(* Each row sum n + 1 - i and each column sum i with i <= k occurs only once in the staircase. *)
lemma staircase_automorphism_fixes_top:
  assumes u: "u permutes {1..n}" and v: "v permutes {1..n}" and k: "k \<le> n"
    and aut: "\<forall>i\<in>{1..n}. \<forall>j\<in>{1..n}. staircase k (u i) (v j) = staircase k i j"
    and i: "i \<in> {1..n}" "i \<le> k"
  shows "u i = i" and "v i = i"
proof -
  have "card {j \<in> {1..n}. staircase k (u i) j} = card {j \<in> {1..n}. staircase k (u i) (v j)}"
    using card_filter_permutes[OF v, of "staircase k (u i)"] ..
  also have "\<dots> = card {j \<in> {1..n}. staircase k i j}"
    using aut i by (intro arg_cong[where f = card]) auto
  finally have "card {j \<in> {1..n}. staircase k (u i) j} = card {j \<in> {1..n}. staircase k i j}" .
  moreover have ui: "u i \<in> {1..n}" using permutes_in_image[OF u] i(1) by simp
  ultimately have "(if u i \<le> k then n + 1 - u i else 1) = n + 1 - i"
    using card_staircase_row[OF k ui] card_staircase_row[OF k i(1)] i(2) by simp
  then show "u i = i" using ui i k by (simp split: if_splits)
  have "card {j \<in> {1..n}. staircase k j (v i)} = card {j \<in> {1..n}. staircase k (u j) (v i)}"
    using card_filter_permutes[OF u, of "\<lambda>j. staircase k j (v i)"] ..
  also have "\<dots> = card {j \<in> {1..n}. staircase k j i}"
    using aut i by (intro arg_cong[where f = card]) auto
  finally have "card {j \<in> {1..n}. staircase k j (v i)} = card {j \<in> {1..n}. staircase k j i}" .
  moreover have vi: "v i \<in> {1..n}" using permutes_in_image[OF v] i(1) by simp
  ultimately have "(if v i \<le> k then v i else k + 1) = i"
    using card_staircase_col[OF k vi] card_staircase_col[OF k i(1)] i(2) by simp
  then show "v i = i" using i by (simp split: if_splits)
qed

□ □ □ □

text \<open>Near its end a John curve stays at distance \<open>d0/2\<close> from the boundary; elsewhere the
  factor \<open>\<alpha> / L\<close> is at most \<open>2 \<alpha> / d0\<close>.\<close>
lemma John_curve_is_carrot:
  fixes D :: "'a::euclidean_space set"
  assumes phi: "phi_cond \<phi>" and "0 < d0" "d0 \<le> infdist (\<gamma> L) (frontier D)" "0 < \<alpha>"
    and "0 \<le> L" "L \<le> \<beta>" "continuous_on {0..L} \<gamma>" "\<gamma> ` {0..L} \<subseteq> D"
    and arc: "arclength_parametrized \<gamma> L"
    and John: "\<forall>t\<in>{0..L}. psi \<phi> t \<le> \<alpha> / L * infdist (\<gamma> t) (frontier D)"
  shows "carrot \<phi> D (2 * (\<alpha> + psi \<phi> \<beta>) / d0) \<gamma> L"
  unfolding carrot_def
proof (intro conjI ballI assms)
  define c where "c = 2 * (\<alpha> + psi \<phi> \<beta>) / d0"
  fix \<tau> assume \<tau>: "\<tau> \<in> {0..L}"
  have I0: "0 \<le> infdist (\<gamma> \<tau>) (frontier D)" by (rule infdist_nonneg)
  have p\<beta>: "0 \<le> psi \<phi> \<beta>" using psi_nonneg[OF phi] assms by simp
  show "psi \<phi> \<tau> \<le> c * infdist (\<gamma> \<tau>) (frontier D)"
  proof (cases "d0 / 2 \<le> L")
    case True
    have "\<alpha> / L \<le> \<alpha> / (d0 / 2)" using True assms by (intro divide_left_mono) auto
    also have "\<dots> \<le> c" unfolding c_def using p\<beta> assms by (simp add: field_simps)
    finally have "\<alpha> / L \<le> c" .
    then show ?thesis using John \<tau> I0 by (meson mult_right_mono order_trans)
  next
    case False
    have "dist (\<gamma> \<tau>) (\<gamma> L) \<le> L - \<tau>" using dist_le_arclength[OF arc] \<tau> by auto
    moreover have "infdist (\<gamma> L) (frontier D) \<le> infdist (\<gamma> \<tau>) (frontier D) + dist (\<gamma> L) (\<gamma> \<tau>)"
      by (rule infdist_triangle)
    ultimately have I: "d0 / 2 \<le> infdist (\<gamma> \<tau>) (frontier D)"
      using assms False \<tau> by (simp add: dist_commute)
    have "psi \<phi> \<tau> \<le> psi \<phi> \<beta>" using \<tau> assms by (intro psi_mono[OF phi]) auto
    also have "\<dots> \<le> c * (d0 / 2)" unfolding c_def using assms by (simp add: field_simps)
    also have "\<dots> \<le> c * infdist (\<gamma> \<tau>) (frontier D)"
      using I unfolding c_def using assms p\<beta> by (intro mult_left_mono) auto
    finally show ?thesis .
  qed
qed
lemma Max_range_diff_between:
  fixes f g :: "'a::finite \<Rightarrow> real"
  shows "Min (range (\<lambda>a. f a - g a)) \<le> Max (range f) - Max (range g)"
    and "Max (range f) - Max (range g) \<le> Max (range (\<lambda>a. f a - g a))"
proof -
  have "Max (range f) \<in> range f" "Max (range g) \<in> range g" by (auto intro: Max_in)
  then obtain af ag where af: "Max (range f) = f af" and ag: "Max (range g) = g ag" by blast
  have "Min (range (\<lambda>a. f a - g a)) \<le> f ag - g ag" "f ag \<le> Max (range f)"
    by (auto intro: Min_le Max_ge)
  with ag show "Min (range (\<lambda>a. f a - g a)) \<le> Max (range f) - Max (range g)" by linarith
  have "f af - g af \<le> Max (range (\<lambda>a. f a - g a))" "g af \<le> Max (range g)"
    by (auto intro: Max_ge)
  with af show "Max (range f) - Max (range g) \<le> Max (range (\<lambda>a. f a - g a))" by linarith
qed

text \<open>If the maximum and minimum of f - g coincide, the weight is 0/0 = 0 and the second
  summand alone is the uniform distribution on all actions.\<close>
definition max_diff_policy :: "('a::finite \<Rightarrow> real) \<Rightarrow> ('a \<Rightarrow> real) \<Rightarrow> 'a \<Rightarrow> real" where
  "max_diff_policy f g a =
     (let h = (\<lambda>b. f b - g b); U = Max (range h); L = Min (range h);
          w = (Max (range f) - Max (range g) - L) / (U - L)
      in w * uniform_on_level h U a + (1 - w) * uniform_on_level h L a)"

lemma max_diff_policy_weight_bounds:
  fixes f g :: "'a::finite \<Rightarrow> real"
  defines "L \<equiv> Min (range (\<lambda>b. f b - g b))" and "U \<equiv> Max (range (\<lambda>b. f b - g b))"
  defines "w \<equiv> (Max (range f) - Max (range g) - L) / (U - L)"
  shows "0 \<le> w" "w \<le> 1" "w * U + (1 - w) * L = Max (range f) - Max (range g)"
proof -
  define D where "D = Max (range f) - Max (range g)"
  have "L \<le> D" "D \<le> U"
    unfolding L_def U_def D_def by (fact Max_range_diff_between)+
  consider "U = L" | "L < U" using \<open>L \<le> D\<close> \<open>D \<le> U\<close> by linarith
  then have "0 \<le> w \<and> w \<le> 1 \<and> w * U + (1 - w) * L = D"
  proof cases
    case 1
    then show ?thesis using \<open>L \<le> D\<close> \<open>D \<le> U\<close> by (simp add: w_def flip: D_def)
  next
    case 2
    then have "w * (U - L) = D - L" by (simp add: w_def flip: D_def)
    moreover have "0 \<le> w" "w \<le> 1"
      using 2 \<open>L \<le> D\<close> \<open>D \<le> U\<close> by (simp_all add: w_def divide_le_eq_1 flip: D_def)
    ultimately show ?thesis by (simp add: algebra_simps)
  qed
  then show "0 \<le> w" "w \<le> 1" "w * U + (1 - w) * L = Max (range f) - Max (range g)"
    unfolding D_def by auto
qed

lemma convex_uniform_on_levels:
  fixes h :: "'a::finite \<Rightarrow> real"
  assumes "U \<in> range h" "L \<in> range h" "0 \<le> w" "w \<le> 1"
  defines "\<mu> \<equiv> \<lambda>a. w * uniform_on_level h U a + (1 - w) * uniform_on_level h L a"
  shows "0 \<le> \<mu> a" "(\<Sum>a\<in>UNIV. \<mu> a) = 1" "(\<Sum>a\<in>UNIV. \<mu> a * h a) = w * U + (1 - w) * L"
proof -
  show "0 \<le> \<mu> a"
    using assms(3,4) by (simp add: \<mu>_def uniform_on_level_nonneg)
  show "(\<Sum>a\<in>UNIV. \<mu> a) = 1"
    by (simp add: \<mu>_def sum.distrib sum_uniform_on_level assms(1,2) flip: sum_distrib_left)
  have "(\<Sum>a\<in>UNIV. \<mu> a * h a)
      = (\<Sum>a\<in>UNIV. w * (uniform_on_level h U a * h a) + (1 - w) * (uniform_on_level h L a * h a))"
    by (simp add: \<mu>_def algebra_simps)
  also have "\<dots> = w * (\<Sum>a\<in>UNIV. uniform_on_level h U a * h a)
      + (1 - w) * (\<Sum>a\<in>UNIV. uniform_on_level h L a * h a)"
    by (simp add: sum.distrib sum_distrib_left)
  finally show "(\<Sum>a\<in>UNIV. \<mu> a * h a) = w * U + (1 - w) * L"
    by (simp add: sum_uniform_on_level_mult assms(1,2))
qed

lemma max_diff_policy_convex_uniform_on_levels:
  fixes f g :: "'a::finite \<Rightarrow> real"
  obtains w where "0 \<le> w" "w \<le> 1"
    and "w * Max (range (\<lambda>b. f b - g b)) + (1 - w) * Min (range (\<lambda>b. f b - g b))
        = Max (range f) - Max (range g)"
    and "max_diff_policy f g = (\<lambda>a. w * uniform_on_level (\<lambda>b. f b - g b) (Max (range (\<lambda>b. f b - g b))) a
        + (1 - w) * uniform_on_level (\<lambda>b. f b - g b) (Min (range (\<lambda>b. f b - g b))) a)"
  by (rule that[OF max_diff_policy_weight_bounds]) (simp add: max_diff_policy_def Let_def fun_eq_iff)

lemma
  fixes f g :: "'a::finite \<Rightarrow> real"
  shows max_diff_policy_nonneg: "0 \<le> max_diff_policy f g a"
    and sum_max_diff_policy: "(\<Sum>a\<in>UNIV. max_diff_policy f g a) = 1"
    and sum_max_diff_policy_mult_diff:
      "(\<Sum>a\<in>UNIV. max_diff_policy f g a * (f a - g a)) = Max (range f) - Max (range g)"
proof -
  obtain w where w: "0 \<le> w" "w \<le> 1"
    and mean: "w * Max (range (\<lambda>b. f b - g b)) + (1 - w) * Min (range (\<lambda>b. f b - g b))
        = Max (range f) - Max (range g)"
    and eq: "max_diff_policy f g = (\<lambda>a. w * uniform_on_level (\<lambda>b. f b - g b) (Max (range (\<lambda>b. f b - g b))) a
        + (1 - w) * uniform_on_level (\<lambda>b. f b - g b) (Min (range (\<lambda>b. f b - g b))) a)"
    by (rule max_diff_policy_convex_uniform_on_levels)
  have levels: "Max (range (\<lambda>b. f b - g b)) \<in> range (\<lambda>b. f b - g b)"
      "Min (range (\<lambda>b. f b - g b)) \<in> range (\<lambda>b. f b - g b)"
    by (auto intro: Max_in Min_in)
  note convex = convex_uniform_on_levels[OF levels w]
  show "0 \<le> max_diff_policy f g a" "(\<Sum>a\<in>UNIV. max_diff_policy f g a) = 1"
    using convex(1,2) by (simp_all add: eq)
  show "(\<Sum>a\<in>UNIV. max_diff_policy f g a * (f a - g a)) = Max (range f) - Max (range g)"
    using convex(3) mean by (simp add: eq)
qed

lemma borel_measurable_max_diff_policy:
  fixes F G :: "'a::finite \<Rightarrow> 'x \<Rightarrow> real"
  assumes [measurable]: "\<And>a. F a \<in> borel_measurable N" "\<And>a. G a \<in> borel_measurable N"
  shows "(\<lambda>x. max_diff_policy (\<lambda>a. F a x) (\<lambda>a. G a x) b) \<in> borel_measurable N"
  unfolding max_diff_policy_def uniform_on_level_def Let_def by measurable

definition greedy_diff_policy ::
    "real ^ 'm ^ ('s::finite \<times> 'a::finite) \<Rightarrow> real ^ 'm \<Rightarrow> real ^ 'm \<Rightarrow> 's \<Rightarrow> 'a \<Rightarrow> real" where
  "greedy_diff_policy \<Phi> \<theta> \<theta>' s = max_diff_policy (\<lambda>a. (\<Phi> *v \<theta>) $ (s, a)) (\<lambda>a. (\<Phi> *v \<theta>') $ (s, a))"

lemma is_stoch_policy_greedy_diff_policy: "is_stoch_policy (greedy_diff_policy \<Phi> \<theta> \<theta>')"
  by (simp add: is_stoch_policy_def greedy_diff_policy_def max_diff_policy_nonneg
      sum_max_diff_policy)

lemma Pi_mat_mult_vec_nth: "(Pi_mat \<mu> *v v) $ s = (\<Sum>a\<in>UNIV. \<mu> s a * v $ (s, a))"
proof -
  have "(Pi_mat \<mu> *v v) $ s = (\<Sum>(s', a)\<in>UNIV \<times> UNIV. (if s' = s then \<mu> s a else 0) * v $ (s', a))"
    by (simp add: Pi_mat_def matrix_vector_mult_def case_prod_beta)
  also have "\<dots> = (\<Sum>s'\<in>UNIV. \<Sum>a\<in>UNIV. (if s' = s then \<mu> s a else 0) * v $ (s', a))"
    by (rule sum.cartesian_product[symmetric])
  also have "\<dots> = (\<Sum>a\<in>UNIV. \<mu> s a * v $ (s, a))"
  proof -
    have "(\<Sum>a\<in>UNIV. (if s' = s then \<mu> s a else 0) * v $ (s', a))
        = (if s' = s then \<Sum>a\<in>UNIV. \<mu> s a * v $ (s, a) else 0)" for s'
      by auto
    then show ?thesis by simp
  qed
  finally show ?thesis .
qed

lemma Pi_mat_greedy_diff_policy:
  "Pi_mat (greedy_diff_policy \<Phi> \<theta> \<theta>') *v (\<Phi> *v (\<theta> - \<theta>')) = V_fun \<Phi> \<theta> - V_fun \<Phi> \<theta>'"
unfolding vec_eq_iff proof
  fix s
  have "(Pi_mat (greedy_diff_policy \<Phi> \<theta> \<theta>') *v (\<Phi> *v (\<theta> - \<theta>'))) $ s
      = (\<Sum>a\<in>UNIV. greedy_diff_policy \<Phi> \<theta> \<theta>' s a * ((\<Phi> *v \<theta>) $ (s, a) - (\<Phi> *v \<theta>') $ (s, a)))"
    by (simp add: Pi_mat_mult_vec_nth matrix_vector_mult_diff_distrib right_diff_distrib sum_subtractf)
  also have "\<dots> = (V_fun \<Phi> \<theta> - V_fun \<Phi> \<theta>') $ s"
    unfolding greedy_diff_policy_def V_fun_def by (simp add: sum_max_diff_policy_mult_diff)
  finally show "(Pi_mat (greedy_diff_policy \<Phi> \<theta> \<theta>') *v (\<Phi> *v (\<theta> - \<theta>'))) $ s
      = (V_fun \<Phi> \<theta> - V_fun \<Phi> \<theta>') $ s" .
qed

□ □ □ □

Read through the entries, then copy every line where the string "finally" is found.

→ Answer area
  finally have "card {j \<in> {1..n}. staircase k (u i) j} = card {j \<in> {1..n}. staircase k i j}" .
  finally have "card {j \<in> {1..n}. staircase k j (v i)} = card {j \<in> {1..n}. staircase k j i}" .
    finally have "\<alpha> / L \<le> c" .
    finally show ?thesis .
  finally show "(\<Sum>a\<in>UNIV. \<mu> a * h a) = w * U + (1 - w) * L"
  finally show ?thesis .
  finally show "(Pi_mat (greedy_diff_policy \<Phi> \<theta> \<theta>') *v (\<Phi> *v (\<theta> - \<theta>'))) $ s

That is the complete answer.